**TASK STATEMENT**
Identify and pull out each line of the entries in which "finally" occurs.

[RECORDS FOR THE TASK Boundary: Start]

lemma G_3_2_word_flip:
  "pres_eq (G_rels 3 2) (G_3_2_word x y z 0 @ [\<sigma>]) (G_3_2_word (\<not> x) y z 0)"
  "pres_eq (G_rels 3 2) (G_3_2_word x y z 0 @ s_conj_t) (G_3_2_word x (\<not> y) z 0)"
  "pres_eq (G_rels 3 2) (G_3_2_word x y z 0 @ s_conj_t_inv) (G_3_2_word x y (\<not> z) 0)"
proof -
  let ?R = "G_rels 3 2"
  let ?S = "if x then [\<sigma>] else []" and ?A = "if y then s_conj_t else []"
    and ?B = "if z then s_conj_t_inv else []"
  note inv = G_3_2_involutions
  have flip: "pres_eq ?R ((if c then w else []) @ w) (if \<not> c then w else [])"
    if "pres_eq ?R (w @ w) []" for c w
    using that by (simp add: pres_refl)
  have commute: "pres_eq ?R ((if c then w else []) @ u) (u @ (if c then w else []))"
    if "pres_eq ?R (w @ u) (u @ w)" for c w u
    using that by (simp add: pres_refl)
  have "G_3_2_word x y z 0 @ [\<sigma>] = (?S @ ?A) @ (?B @ [\<sigma>]) @ []" by (simp add: G_3_2_word_def)
  also have "pres_eq ?R \<dots> ((?S @ ?A) @ ([\<sigma>] @ ?B) @ [])"
    by (rule pres_eq_context[OF commute[OF inv(6)]])
  also have "\<dots> = ?S @ (?A @ [\<sigma>]) @ ?B" by simp
  also have "pres_eq ?R \<dots> (?S @ ([\<sigma>] @ ?A) @ ?B)"
    by (rule pres_eq_context[OF commute[OF inv(4)[THEN pres_sym]]])
  also have "\<dots> = [] @ (?S @ [\<sigma>]) @ (?A @ ?B)" by simp
  also have "pres_eq ?R \<dots> ([] @ (if \<not> x then [\<sigma>] else []) @ (?A @ ?B))"
    by (rule pres_eq_context[OF flip[OF inv(1)]])
  finally show "pres_eq ?R (G_3_2_word x y z 0 @ [\<sigma>]) (G_3_2_word (\<not> x) y z 0)"
    by (simp add: G_3_2_word_def)
  have "G_3_2_word x y z 0 @ s_conj_t = (?S @ ?A) @ (?B @ s_conj_t) @ []" by (simp add: G_3_2_word_def)
  also have "pres_eq ?R \<dots> ((?S @ ?A) @ (s_conj_t @ ?B) @ [])"
    by (rule pres_eq_context[OF commute[OF inv(5)[THEN pres_sym]]])
  also have "\<dots> = ?S @ (?A @ s_conj_t) @ ?B" by simp
  also have "pres_eq ?R \<dots> (?S @ (if \<not> y then s_conj_t else []) @ ?B)"
    by (rule pres_eq_context[OF flip[OF inv(2)]])
  finally show "pres_eq ?R (G_3_2_word x y z 0 @ s_conj_t) (G_3_2_word x (\<not> y) z 0)"
    by (simp add: G_3_2_word_def)
  show "pres_eq ?R (G_3_2_word x y z 0 @ s_conj_t_inv) (G_3_2_word x y (\<not> z) 0)"
    using pres_eq_context[OF flip[OF inv(3)], of "?S @ ?A" z "[]"] by (simp add: G_3_2_word_def)
qed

[RECORDS FOR THE TASK Boundary: End]

**ANSWER SECTION**
  finally show "pres_eq ?R (G_3_2_word x y z 0 @ [\<sigma>]) (G_3_2_word (\<not> x) y z 0)"
  finally show "pres_eq ?R (G_3_2_word x y z 0 @ s_conj_t) (G_3_2_word x (\<not> y) z 0)"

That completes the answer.